Крестьянин промолчал, не совсем понимая, о чем она говорит.
— Ты понимаешь меня?
— Нет, — покачал он головой.
— Ты смотрел на женщину и думал о ней, как о существе женского пола, — объяснила судья.
— Она и была существом женского пола, — удивился крестьянин.
— Ты находишься в цивилизованном обществе с цивилизованными законами, — возразила судья. — Здесь мужчины и женщины одинаковы. А ты смотрел на женщину так, как будто она отличается от мужчины.
— Да, — признал крестьянин.
— Это опасные антиобщественные наклонности, — заявила судья. Крестьянин молчал. — Это нарушение гражданских и нравственных норм.

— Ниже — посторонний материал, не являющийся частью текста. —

(* Let $k\ge2$, let $\Pi$ be superweak $k$-coloring, let $\Pi'_1$ be the simplified derived problem of $\Pi$, and let $t$ be a non-negative integer. Let $\mathcal G$ be a graph class such that every graph in $\mathcal G$ is regular of degree at least $2^{4^k+1}$ and the input labels include an orientation of each edge. Set $k':=2^{2^{5^k}}$. If there is an algorithm (port numbering model) that solves $\Pi'_1$ on $\mathcal G$ in time $t$, then there is also an algorithm that solves superweak $k'$-coloring on $\mathcal G$ in time $t$.
   Context: All graphs are simple, undirected, connected; $B(G)$ is the set of pairs $(v,e)$ with $v$ an endpoint of edge $e$. Multisets ignore order; $2^S$ is the power set. Edge orientations are given as input labels encoded at both $(u,e)$ and $(v,e)$. Problems: $\Pi=(\mathcal O,f,g,h)$ with $f(\Delta)\subseteq\mathcal O$ finite, $g(\Delta)$ a set of 2-element multisets over $f(\Delta)$, $h(\Delta)$ a set of multisets of at most $\Delta$ elements of $f(\Delta)$. An algorithm solves $\Pi$ on a class if on each graph of max degree $\Delta$ it outputs $o_{v,e}\in f(\Delta)$ at each $(v,e)\in B(G)$ with $\{o_{u,e},o_{v,e}\}\in g(\Delta)$ for each edge $e=\{u,v\}$ and the multiset of outputs at each node in $h(\Delta)$. Model: port numbering model (nodes know $n,\Delta$ and the input labels at their ports; synchronous rounds; unbounded messages and computation); time $t$ means outputs at $v$ depend only on the radius-$t$ neighborhood of $v$. Superweak $k$-coloring: $f(\Delta)=\{1,\dots,k\}\times\{\rightarrow,\multimap,\bullet\}$ ($\rightarrow$ = demanding pointer, $\multimap$ = accepting pointer, $\bullet$ = no pointer); $g(\Delta)$ = all $\{(y,y'),(z,z')\}$ with $y\ne z$, or $y'=z'=\bullet$, or $\multimap\in\{y',z'\}$; $h(\Delta)$ = all multisets $\{(y_1,y'_1),\dots,(y_\Delta,y'_\Delta)\}$ with $y_1=\dots=y_\Delta$, such that the number of $i$ with $y'_i=\rightarrow$ is strictly greater than the number of $i$ with $y'_i=\multimap$, and the number of $i$ with $y'_i=\multimap$ is at most $k$. Simplified derived problem: from $\Pi$ define $\Pi'_{1/2}$: $f_{1/2}(\Delta)=2^{f(\Delta)}$; $g'_{1/2}(\Delta)$ = all $\{Y,Z\}$ such that (P) $\{y,z\}\in g(\Delta)$ for all $y\in Y,z\in Z$, with each of $Y,Z$ inclusion-maximal subject to (P) (other fixed); $h_{1/2}(\Delta)$ = all $\{Y_1,\dots,Y_i\}$, $i\le\Delta$, with some $y_j\in Y_j$ satisfying $\{y_1,\dots,y_i\}\in h(\Delta)$. Then $\Pi'_1$: $f_1(\Delta)=2^{f_{1/2}(\Delta)}$; $g_1(\Delta)$ = all $\{Y,Z\}$ with some $y\in Y,z\in Z$ satisfying $\{y,z\}\in g'_{1/2}(\Delta)$; $h'_1(\Delta)$ = all $\{Y_1,\dots,Y_i\}$, $i\le\Delta$, such that (Q) $\{y_1,\dots,y_i\}\in h_{1/2}(\Delta)$ for all $y_j\in Y_j$, with each $Y_j$ inclusion-maximal subject to (Q) (others fixed). *)

theory Defs
  imports Main "HOL-Library.Multiset"
begin

text \<open>Port i (0 \<le> i < deg v) of node v corresponds to the half-edge (v,e) of B(G);
  port G (v,i) = (u,j) means the edge at port i of v is attached to port j of u.
  inp G (v,i) is the input label at the half-edge (v,i).\<close>

record ('v, 'l) pgraph =
  verts :: "'v set"
  deg   :: "'v \<Rightarrow> nat"
  port  :: "'v \<times> nat \<Rightarrow> 'v \<times> nat"
  inp   :: "'v \<times> nat \<Rightarrow> 'l"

— Только не на той планете, где я вырос, — возразил крестьянин. Он помнил, как вместе с юношей из своей деревни, Гатроном, и другими парнями они часто убегали смотреть, как девушки ловят сетью рыбу в озере. Иногда он жалел, что Гатрона пришлось убить, но у него не было выбора — Гатрон первый ударил его. Иногда деревенские девушки высоко подтыкали юбки. Они знали, что за ними наблюдали, и старались казаться оживленными и смешливыми. Позднее он поймал Лиа в ее собственную сеть и опрокинул на спину в тростниках, среди травы и ила. Как она вздрагивала и смеялась, как беспомощно целовала его! Затем он, пораженный наслаждением, которое только что испытал, уступил ее своему другу Гатрону. Она не хотела этого, но не могла сопротивляться, запутавшись в сети. Гатрон тоже остался доволен. Позднее Лиа отпустили, а сами вернулись в деревню длинной дорогой. В тот день крестьянин впервые осознал, какой ценной может оказаться женщина, и понял, как естественно существование планет, где женщин продают и покупают. Они, должно быть, замечательно выглядят с цепями на ногах — покорные, готовые услужить. Ему хотелось, чтобы и Лиа, и других женщин, которых он знал — Тессу и Пиг — обратили в рабство. Гатрон долгие года был его другом, они вместе работали и охотились. А потом в один злополучный день Гатрон ударил его. Гатрона пришлось убить. Несомненно, этот случай крестьянин должен был запомнить надолго. Он не желал ни с кем сближаться так, как с Гатроном — это оказалось опасным. Не то, чтобы он перестал смеяться, петь и шутить по праздникам. Он всего лишь никого не хотел подпускать к своей душе. Вероятно, ему хотелось иметь друзей, но он опасался. С другой стороны, он мог и не задумываться об этом. Например, так было с медальоном — он предпочитал не раздумывать, откуда он взялся. Редко, кто знал, о чем он думает; никто из односельчан не мог похвалиться тем, что знает его, даже женщины. Он ясно понимал, как опасно подпускать к себе людей. Гатрон был близок ему. Опять-таки, кто знает, насколько это было связано с медальоном и цепочкой? Может, крестьянин не был столь чутким и подозрительным к вопросам, которые могли бы заинтересовать другого человека. Или же это казалось ему слишком простым, неважным и неинтересным.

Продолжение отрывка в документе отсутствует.